Airflow 2.0.2 full width comma causes an exception
See original GitHub issueApache Airflow version: Airflow 2.0.2
Environment:
- Cloud provider or hardware configuration: AWS
- OS (e.g. from /etc/os-release): Linux
- Kernel (e.g.
uname -a
): 3.10.0-1062.12.1.el7.x86_64 - Install tools: rh-python36
- Others:
What happened:
There is a full width comma in the DAG’s pydoc block. It works ok in airflow 1.10.10. After upgrading to airflow 2.0.2, it causes an exception. The exception shows in the scheduler’s log as follow:
c = cached_connections[connection].execute(statement, multiparams) File "/opt/rh/rh-python36/root/usr/lib64/python3.6/site-packages/sqlalchemy/engine/base.py", line 1011, in execute return meth(self, multiparams, params) File "/opt/rh/rh-python36/root/usr/lib64/python3.6/site-packages/sqlalchemy/sql/elements.py", line 298, in _execute_on_connection return connection._execute_clauseelement(self, multiparams, params) File "/opt/rh/rh-python36/root/usr/lib64/python3.6/site-packages/sqlalchemy/engine/base.py", line 1130, in _execute_clauseelement distilled_params, File "/opt/rh/rh-python36/root/usr/lib64/python3.6/site-packages/sqlalchemy/engine/base.py", line 1317, in _execute_context e, statement, parameters, cursor, context File "/opt/rh/rh-python36/root/usr/lib64/python3.6/site-packages/sqlalchemy/engine/base.py", line 1514, in _handle_dbapi_exception util.raise_(exc_info[1], with_traceback=exc_info[2]) File "/opt/rh/rh-python36/root/usr/lib64/python3.6/site-packages/sqlalchemy/util/compat.py", line 182, in raise_ raise exception File "/opt/rh/rh-python36/root/usr/lib64/python3.6/site-packages/sqlalchemy/engine/base.py", line 1277, in _execute_context cursor, statement, parameters, context File "/opt/rh/rh-python36/root/usr/lib64/python3.6/site-packages/sqlalchemy/engine/default.py", line 608, in do_execute cursor.execute(statement, parameters) File "/opt/rh/rh-python36/root/usr/lib64/python3.6/site-packages/MySQLdb/cursors.py", line 239, in execute args = tuple(map(db.literal, args)) File "/opt/rh/rh-python36/root/usr/lib64/python3.6/site-packages/MySQLdb/connections.py", line 321, in literal s = self.escape(o, self.encoders) File "/opt/rh/rh-python36/root/usr/lib64/python3.6/site-packages/MySQLdb/connections.py", line 229, in unicode_literal return db.string_literal(str(u).encode(db.encoding)) UnicodeEncodeError 'latin-1' codec can't encode character '\uff0c' in position 3234 ordinal not in range(256)

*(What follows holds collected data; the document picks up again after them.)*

(* The collection $\mathbf{FinCorel}^\circ$ of corelations is closed under composition and tensor in $\mathbf{FinCorel}$ and contains all identities and symmetries; hence $\mathbf{FinCorel}^\circ$ is a sub-PROP of $\mathbf{FinCorel}$.
   Context: A PROP is a strict symmetric monoidal category whose monoid of objects is $(\mathbb{N},+,0)$. Write $\underline{m}=\{1,\dots,m\}$. $\mathbf{FinCorel}$ is the PROP whose morphisms $m\to n$ are equivalence relations on $\underline{m}\sqcup\underline{n}$; the composite of $R:m\to n$ and $S:n\to p$ is the restriction to $\underline{m}\sqcup\underline{p}$ of the equivalence relation generated by $R\cup S$ on $\underline{m}\sqcup\underline{n}\sqcup\underline{p}$; tensor is disjoint union with reindexing by addition; the identity at $n$ identifies each input $i$ with output $i$; symmetries are transposition corelations. $\mathbf{FinCorel}^\circ$ consists of those corelations $R:m\to n$ such that (a) every equivalence class of $R$ contains exactly one element of $\underline{m}$ and (b) every equivalence class contains at least one element of $\underline{n}$. *)

theory Defs
  imports Main
begin

text \<open>Points of the disjoint union m + n: Inl i (input i, 1 <= i <= m) and
  Inr j (output j, 1 <= j <= n).\<close>

type_synonym point = "nat + nat"
type_synonym corel = "(point \<times> point) set"
(* Let $d\ge2$. There exists a constant $C<\infty$ depending only on $d$ such that for all Lebesgue measurable $E_1,E_2,E_3\subset\mathbb R^d$ of finite measure and all $k_1,k_2,k_3\in\mathbb Z$ with $|E'_{j,k_j}|>0$ for each $j$, $$\mathcal T(E_{1,k_1},E_{2,k_2},E_{3,k_3})\le C\,\theta\,\prod_{j=1}^3|E_{j,k_j}|^{2/3},$$ where $$\theta=\min_{m\ne n}2^{-|k_m-k_n|/3}\cdot\min_{\mu\ne\nu}\big(|E'_{\mu,k_\mu}|/|E'_{\nu,k_\nu}|\big)^{1/3},$$ the minima being over $m\ne n\in\{1,2,3\}$ and $\mu\ne\nu\in\{1,2,3\}$.
   Context: $\mathcal T(A_1,A_2,A_3)=\int\int\mathbf 1_{A_1}(x_1)\mathbf 1_{A_2}(x_2)\mathbf 1_{A_3}(-x_1-x_2)\,dx_1dx_2$. Write $x=(x',t)\in\mathbb R^{d-1}\times\mathbb R$, $\pi(x',t)=x'$, and $h_j(x')=|\{t\in\mathbb R:(x',t)\in E_j\}|$ (one-dimensional measure). For $k\in\mathbb Z$: $E'_{j,k}=\{x'\in\mathbb R^{d-1}:2^k\le h_j(x')<2^{k+1}\}$ and $E_{j,k}=E_j\cap\pi^{-1}(E'_{j,k})$. *)

theory Defs
  imports "HOL-Analysis.Analysis"
begin

text \<open>R^d is modelled as 'a \<times> real with 'a a Euclidean space of dimension d-1 \<ge> 1.\<close>

definition trilin :: "('a::euclidean_space \<times> real) set \<Rightarrow> ('a \<times> real) set \<Rightarrow> ('a \<times> real) set \<Rightarrow> ennreal" where
  "trilin A1 A2 A3 = (\<integral>\<^sup>+ x1. (\<integral>\<^sup>+ x2. indicator A1 x1 * indicator A2 x2 * indicator A3 (- x1 - x2) \<partial>lebesgue) \<partial>lebesgue)"

definition fiber_len :: "('a::euclidean_space \<times> real) set \<Rightarrow> 'a \<Rightarrow> ennreal" where
  "fiber_len E x' = emeasure lebesgue {t::real. (x', t) \<in> E}"

definition layer' :: "('a::euclidean_space \<times> real) set \<Rightarrow> int \<Rightarrow> 'a set" where
  "layer' E k = {x'. ennreal (2 powr real_of_int k) \<le> fiber_len E x' \<and> fiber_len E x' < ennreal (2 powr real_of_int (k + 1))}"

definition layer :: "('a::euclidean_space \<times> real) set \<Rightarrow> int \<Rightarrow> ('a \<times> real) set" where
  "layer E k = E \<inter> {x. fst x \<in> layer' E k}"

end

theory Submission
  imports Defs
begin

text \<open>Slicing along the last coordinate writes \<open>\<T>\<close> as an integral over \<open>(y\<^sub>1, y\<^sub>2)\<close> of the
  one-dimensional form evaluated on the fibres over \<open>y\<^sub>1\<close>, \<open>y\<^sub>2\<close> and \<open>-y\<^sub>1-y\<^sub>2\<close>. That form is at most
  the product of any two of the fibre lengths, which on \<open>E\<^sub>j\<^sub>,\<^sub>k\<close> are below \<open>2\<^bsup>k+1\<^esup>\<close> and vanish
  off \<open>E'\<^sub>j\<^sub>,\<^sub>k\<close>; integrating bounds \<open>\<T>\<close> by \<open>4 \<cdot> 2\<^bsup>k\<^sub>i+k\<^sub>j\<^esup> |E'\<^sub>m| |E'\<^sub>n|\<close> for all
  \<open>i \<noteq> j\<close>, \<open>m \<noteq> n\<close>. As \<open>2\<^bsup>k\<^sub>j\<^esup> |E'\<^sub>j| \<le> |E\<^sub>j|\<close>, it remains to pick the pairs: for positive
  \<open>z\<^sub>1, z\<^sub>2, z\<^sub>3\<close> the smallest pairwise product is at most
  \<open>(z\<^sub>u / z\<^sub>v)\<^bsup>1/3\<^esup> (z\<^sub>1 z\<^sub>2 z\<^sub>3)\<^bsup>2/3\<^esup>\<close> for any \<open>u, v\<close>. This gives \<open>C = 4\<close>.\<close>

definition trilinear_form :: "'a::euclidean_space set \<Rightarrow> 'a set \<Rightarrow> 'a set \<Rightarrow> ennreal" where
  "trilinear_form A B C =
     (\<integral>\<^sup>+u. \<integral>\<^sup>+v. indicator A u * indicator B v * indicator C (- u - v) \<partial>lborel \<partial>lborel)"

lemma lborel_distr_reflect:
  fixes u :: "'a::euclidean_space"
  shows "distr lborel borel (\<lambda>v. u - v) = lborel"
  using lborel_affine[of "-1" u] by (simp add: density_1)

lemma nn_integral_lborel_reflect:
  fixes u :: "'a::euclidean_space" and f :: "'a \<Rightarrow> ennreal"
  assumes [measurable]: "f \<in> borel_measurable borel"
  shows "(\<integral>\<^sup>+v. f (u - v) \<partial>lborel) = (\<integral>\<^sup>+v. f v \<partial>lborel)"
  by (subst (2) lborel_distr_reflect[of u, symmetric]) (simp add: nn_integral_distr)
(* Let $\mathcal G$ be a simple connected graph and $\gamma\in\Gamma$. Then the orientations of the edges of $\mathcal G$ can be chosen so that $Vd\ge0$ (componentwise) for all $\varepsilon\ge0$ sufficiently small, where $d=e_1+\varepsilon\gamma$ and $V$ is the PTDF matrix for that orientation.
   Context: $\mathcal G=(\mathcal N,\mathcal E)$ has nodes $\{1,\dots,n\}$ and edges $\{1,\dots,m\}$, each with an orientation. $C\in\mathbb R^{m\times n}$ is the incidence matrix ($C_{e,i}=1$ if $e$ enters $i$, $-1$ if $e$ leaves $i$, $0$ otherwise) and the PTDF matrix is $V=C(C^TC)^+$ ($^+$ = Moore–Penrose pseudoinverse); reversing the orientation of an edge flips the sign of its row of $V$. $e_1$ is the first unit vector and $\Gamma=\{\gamma\in\mathbb R^n:\gamma_1=0,\gamma\ge0,\sum_i\gamma_i=1\}$. *)

theory Defs
  imports "Jordan_Normal_Form.Matrix"
begin

text \<open>Nodes are 0,...,n-1 (paper's node i is index i-1; the paper's node 1 is index 0).
  An oriented graph is a list of edges (u,v), meaning the edge leaves u and enters v;
  the paper's edge k is list position k-1.\<close>

definition simple_graph :: "nat \<Rightarrow> (nat \<times> nat) list \<Rightarrow> bool" where
  "simple_graph n es \<longleftrightarrow>
     (\<forall>k<length es. fst (es!k) < n \<and> snd (es!k) < n \<and> fst (es!k) \<noteq> snd (es!k)) \<and>
     (\<forall>k<length es. \<forall>l<length es. k \<noteq> l \<longrightarrow>
        {fst (es!k), snd (es!k)} \<noteq> {fst (es!l), snd (es!l)})"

What you expected to happen:
The DAG should be imported like airflow 1.10.10 without any issues.
How to reproduce it:
If you have a DAG and let’s say in the DAG file. There is a python doc comments like this:
""" this is a test python doc comment,this comma will cause the exception """
Anything else we need to know:
The backend metadb is mysql. The encoding of table and database is utf8mb4
Issue Analytics
- State:
- Created 2 years ago
- Comments:5 (3 by maintainers)
Top GitHub Comments
The database stores things in utf8mb4, but you still need to connect to it using the correct encoding. You can set the client’s default encoding on the server (see MySQL documentation on this), or set the client’s encoding explicitly in the URL string as suggested above.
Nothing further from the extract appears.